The downloaded source packages are in
    '/tmp/RtmpdE6UYF/downloaded_packages'
Warning message:
In install.packages("rjags") :
  installation of package ‘rjags’ had non-zero exit status

The relevant part of the error log is highlighted in red; the library could not install because it depends on a system library (as opposed to an R library) that the install.packages() command could not find.

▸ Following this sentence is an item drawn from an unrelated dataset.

(* Let $L$ be a distributive lattice (not necessarily bounded), let $n\ge 1$, and for each $i\in[n]=\{1,\dots,n\}$ let $a_i,b_i\in L$ with $a_i<b_i$. For $I\subseteq[n]$ let $\widehat{\mathbf e}_I\in L^n$ be the tuple whose $i$-th component is $b_i$ if $i\in I$ and $a_i$ if $i\notin I$, and let $D=\{\widehat{\mathbf e}_I : I\subseteq[n]\}$. Let $f\colon D\to L$. Then there exists a lattice polynomial function $p\colon L^n\to L$ with $p|_D=f$ if and only if $f$ is monotone and satisfies $$f(\widehat{\mathbf e}_{I\cup\{k\}})\wedge a_k\le f(\widehat{\mathbf e}_I)\le f(\widehat{\mathbf e}_{I\setminus\{k\}})\vee b_k\quad\text{for all } I\subseteq[n],\ k\in[n].\qquad(\star)$$ In this case, a polynomial function $p$ over $L$ satisfies $p|_D=f$ if and only if $c_I^-\le c_I\le c_I^+$ for all $I\subseteq[n]$, where $c_I$ are the coefficients of the (monotone) DNF of $p$ and $c_I^-,c_I^+$ are as defined in the context. In particular, one such $p$ is the polynomial function $p_0$ given by $$p_0(\mathbf x)=\bigvee_{I\subseteq[n]}\Bigl(f(\widehat{\mathbf e}_I)\wedge\bigwedge_{i\in I}x_i\Bigr).$$
   Context: A lattice polynomial function on $L$ is a function $L^n\to L$ obtainable as a composition of $\wedge$, $\vee$, projections and constants from $L$. Let $0$ and $1$ denote the least and greatest elements of $L$ if they exist, and otherwise external elements adjoined below and above $L$. Every polynomial function $p$ over $L$ has a unique representation in disjunctive normal form (DNF) $p(\mathbf x)=\bigvee_{I\subseteq[n]}(c_I\wedge\bigwedge_{i\in I}x_i)$ with coefficients $c_I\in L\cup\{0,1\}$ that are monotone ($I\subseteq J\Rightarrow c_I\le c_J$), $c_\emptyset\neq 1$, $c_{[n]}\neq 0$; these are "the coefficients of the DNF of $p$". Embed $L$ into the Boolean algebra $B$ generated by $L$ (Birkhoff–Priestley), with bounds $0,1$ (coinciding with those of $L$ if $L$ is bounded) and complement $x\mapsto x'$. For $I\subseteq[n]$ define in $B$: $c_I^-=f(\widehat{\mathbf e}_I)\wedge\bigwedge_{i\notin I}a_i'$ and $c_I^+=f(\widehat{\mathbf e}_I)\vee\bigvee_{i\in I}b_i'$. $f$ monotone means $I\subseteq J\Rightarrow f(\widehat{\mathbf e}_I)\le f(\widehat{\mathbf e}_J)$. *)

theory Defs
  imports Main
begin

While fixing this error can be tricky since each R library can have a different installation procedure, you can pass extra hints to the install.packages() command to suggest where it can find some of these system libraries. For example, the jags library is already installed on Gordon and Trestles, and it can be loaded using module load jags. After doing this, you can do something like

> install.packages('rjags',
   configure.args=c(rjags='--with-jags-include=$JAGSHOME/include/JAGS
                           --with-jags-lib=$JAGSHOME/lib'))
* installing *source* package 'rjags' ...
** package 'rjags' successfully unpacked and MD5 sums checked
checking for prefix by checking for jags... /opt/jags/bin/jags
checking whether the C++ compiler works... yes
...
** testing if installed package can be loaded
* DONE (rjags)

The green text highlights something that looks gnarly, but actually tells R that

  • the contents of configure.args should be passed to the underlying library’s installer. configure.args is a named list containing special configuration parameters, where the name of each value corresponds to the package to which the special parameters apply.
  • the –with-jags-include and –with-jags-lib signal the rjags installer where your JAGS library’s include and lib directories are located
  • $JAGSHOME is a variable that gets defined when you load the jags module on Gordon and Trestles. On other systems, you would specify the full path to your jags installation directory instead.

Actually knowing what configure.args to use when generic package installations fail requires some amount of intuition. If all else fails, contact your help desk!